What the task requires
Work out how many lines in the data include the string "close"; reply with that number alone.

Records to use
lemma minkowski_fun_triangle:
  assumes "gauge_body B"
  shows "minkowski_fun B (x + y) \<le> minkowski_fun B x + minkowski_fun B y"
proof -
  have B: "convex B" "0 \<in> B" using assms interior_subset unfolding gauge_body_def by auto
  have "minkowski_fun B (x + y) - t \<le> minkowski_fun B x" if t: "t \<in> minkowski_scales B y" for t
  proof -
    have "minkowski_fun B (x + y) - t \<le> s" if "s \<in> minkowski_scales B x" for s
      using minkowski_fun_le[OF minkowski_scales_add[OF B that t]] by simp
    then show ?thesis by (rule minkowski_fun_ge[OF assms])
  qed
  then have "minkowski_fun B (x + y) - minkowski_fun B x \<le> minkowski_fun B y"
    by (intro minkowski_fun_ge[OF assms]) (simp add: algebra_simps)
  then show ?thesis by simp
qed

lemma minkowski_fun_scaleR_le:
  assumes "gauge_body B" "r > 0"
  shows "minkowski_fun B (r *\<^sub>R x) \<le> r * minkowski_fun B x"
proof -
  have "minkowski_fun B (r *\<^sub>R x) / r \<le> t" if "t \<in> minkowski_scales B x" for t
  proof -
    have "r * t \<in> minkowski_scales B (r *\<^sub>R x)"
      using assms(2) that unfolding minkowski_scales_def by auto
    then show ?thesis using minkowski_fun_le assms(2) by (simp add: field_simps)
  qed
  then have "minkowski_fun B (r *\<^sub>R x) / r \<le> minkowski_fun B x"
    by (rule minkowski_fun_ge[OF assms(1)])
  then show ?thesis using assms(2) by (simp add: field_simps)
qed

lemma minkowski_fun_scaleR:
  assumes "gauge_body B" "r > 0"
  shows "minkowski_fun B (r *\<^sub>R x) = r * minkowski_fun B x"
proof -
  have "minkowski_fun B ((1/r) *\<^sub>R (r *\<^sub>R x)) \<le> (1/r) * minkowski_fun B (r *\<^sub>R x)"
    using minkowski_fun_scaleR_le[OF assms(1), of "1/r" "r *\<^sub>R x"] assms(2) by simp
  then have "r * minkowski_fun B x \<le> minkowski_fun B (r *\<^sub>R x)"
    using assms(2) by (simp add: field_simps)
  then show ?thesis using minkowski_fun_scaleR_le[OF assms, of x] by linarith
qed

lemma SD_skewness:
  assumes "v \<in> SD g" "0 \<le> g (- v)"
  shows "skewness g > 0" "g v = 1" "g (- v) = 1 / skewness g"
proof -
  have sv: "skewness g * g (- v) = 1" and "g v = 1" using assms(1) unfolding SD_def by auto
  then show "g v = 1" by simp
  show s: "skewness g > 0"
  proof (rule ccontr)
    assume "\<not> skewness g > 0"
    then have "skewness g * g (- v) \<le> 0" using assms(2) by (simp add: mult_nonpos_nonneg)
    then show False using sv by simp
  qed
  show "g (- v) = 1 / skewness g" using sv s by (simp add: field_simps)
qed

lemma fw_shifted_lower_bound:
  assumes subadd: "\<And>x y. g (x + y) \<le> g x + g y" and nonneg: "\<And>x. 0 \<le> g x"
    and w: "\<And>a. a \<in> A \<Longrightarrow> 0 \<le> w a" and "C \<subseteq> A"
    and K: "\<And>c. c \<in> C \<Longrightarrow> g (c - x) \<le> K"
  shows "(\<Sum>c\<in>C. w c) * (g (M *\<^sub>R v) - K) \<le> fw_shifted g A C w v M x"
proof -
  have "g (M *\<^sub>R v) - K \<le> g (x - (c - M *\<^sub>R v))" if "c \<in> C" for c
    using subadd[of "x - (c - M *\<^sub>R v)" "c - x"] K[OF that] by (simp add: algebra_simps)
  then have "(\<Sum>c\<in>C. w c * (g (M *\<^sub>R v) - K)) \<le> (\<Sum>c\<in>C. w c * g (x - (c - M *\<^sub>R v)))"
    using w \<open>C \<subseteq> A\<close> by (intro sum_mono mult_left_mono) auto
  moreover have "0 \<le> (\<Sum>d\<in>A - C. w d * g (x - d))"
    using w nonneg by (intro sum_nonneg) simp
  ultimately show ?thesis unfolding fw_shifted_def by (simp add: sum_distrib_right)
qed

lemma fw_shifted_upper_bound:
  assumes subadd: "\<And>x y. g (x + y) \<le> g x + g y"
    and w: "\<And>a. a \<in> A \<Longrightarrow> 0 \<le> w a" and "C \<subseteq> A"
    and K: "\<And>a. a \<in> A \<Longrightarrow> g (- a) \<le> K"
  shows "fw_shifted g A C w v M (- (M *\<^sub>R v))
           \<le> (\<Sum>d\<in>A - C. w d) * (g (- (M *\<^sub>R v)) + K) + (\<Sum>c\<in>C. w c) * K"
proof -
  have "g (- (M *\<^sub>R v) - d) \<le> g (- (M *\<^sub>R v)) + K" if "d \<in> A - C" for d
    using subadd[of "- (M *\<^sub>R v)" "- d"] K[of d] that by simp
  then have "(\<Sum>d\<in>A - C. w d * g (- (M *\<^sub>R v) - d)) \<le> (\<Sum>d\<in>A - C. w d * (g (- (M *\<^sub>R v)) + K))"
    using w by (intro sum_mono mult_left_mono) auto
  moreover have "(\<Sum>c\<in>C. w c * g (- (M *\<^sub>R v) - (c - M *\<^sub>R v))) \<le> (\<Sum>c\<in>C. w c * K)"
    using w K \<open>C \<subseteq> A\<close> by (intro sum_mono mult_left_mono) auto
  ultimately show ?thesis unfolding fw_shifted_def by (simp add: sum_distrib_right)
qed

Output below
2